EXERCISE DESCRIPTION – Nothing but the line with "and x0 :: 'v and m :: nat" and the lines after it, through the end of the records below, is to be repeated, exactly as it is.

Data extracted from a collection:
Start of Block

theorem proposition3p2:
  fixes V :: "'v set" and E :: "'e set" and org ter :: "'e \<Rightarrow> 'v" and bar :: "'e \<Rightarrow> 'e"
    and x0 :: 'v and m :: nat
  assumes "is_graph V E org ter bar"
    and "connected_graph V E org ter"
    and "countable V"
    and "bounded_degree V E org"
    and "\<forall>x\<in>V. gdeg E org x \<noteq> 1"
    and "x0 \<in> V"
    and "m > 2"
  shows "int (Nm E org ter bar m x0) =
           int (ck E org ter bar m x0)
           - (int (gdeg E org x0) - 2) *
               (\<Sum>i\<in>{1..nat \<lceil>real m / 2\<rceil> - 1}. int (ck E org ter bar (m - 2 * i) x0))
           + (\<Sum>i\<in>{1..nat \<lceil>real m / 2\<rceil> - 1}. int i * laplace_ck E org ter bar (m - 2 * i) x0)"
proof -
  interpret locally_finite_graph V E org ter bar
    using assms(1,4) unfolding bounded_degree_def by unfold_locales blast+
  let ?d = "int (gdeg E org x0)"
  let ?T = "\<lambda>j. int (card (tailed_loops j x0))"
  let ?c = "\<lambda>j. int (ck E org ter bar j x0)"
  let ?s = "\<lambda>j. \<Sum>e\<in>out x0. int (ck E org ter bar j (ter e))"
  have "?T m = (?d - 2) * parity_sum ?c m - weighted_parity_sum (\<lambda>j. ?d * ?c j - ?s j) m"
  proof (rule recurrence_solution)
    show "?T 1 = 0" "?T 2 = 0" by (simp_all add: tailed_loops_le_2)
    show "?s k = ?T (k + 2) + 2 * (?c k - ?T k) +
          (if k \<le> 2 then 0 else (?d - 2) * ?c (k - 2) + ?T (k - 2))" if "k \<ge> 1" for k
      using sum_ck_neighbours[OF that] ck_eq_tailed_plus_closed[OF that] by (simp add: gdeg_def)
  qed (use assms(7) in simp)
  moreover have "int (Nm E org ter bar m x0) = ?c m - ?T m"
    using ck_eq_tailed_plus_closed[of m x0] assms(7) by (simp add: Nm_eq_card_closed_geodesics)
  ultimately show ?thesis
    unfolding nat_ceiling_half_minus_one parity_sum_def weighted_parity_sum_def laplace_ck_def
    by simp
qed

end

End of Block

RESPONSE TO THIS EXERCISE –
    and x0 :: 'v and m :: nat
  assumes "is_graph V E org ter bar"
    and "connected_graph V E org ter"
    and "countable V"
    and "bounded_degree V E org"
    and "\<forall>x\<in>V. gdeg E org x \<noteq> 1"
    and "x0 \<in> V"
    and "m > 2"
  shows "int (Nm E org ter bar m x0) =
           int (ck E org ter bar m x0)
           - (int (gdeg E org x0) - 2) *
               (\<Sum>i\<in>{1..nat \<lceil>real m / 2\<rceil> - 1}. int (ck E org ter bar (m - 2 * i) x0))
           + (\<Sum>i\<in>{1..nat \<lceil>real m / 2\<rceil> - 1}. int i * laplace_ck E org ter bar (m - 2 * i) x0)"
proof -
  interpret locally_finite_graph V E org ter bar
    using assms(1,4) unfolding bounded_degree_def by unfold_locales blast+
  let ?d = "int (gdeg E org x0)"
  let ?T = "\<lambda>j. int (card (tailed_loops j x0))"
  let ?c = "\<lambda>j. int (ck E org ter bar j x0)"
  let ?s = "\<lambda>j. \<Sum>e\<in>out x0. int (ck E org ter bar j (ter e))"
  have "?T m = (?d - 2) * parity_sum ?c m - weighted_parity_sum (\<lambda>j. ?d * ?c j - ?s j) m"
  proof (rule recurrence_solution)
    show "?T 1 = 0" "?T 2 = 0" by (simp_all add: tailed_loops_le_2)
    show "?s k = ?T (k + 2) + 2 * (?c k - ?T k) +
          (if k \<le> 2 then 0 else (?d - 2) * ?c (k - 2) + ?T (k - 2))" if "k \<ge> 1" for k
      using sum_ck_neighbours[OF that] ck_eq_tailed_plus_closed[OF that] by (simp add: gdeg_def)
  qed (use assms(7) in simp)
  moreover have "int (Nm E org ter bar m x0) = ?c m - ?T m"
    using ck_eq_tailed_plus_closed[of m x0] assms(7) by (simp add: Nm_eq_card_closed_geodesics)
  ultimately show ?thesis
    unfolding nat_ceiling_half_minus_one parity_sum_def weighted_parity_sum_def laplace_ck_def
    by simp
qed

end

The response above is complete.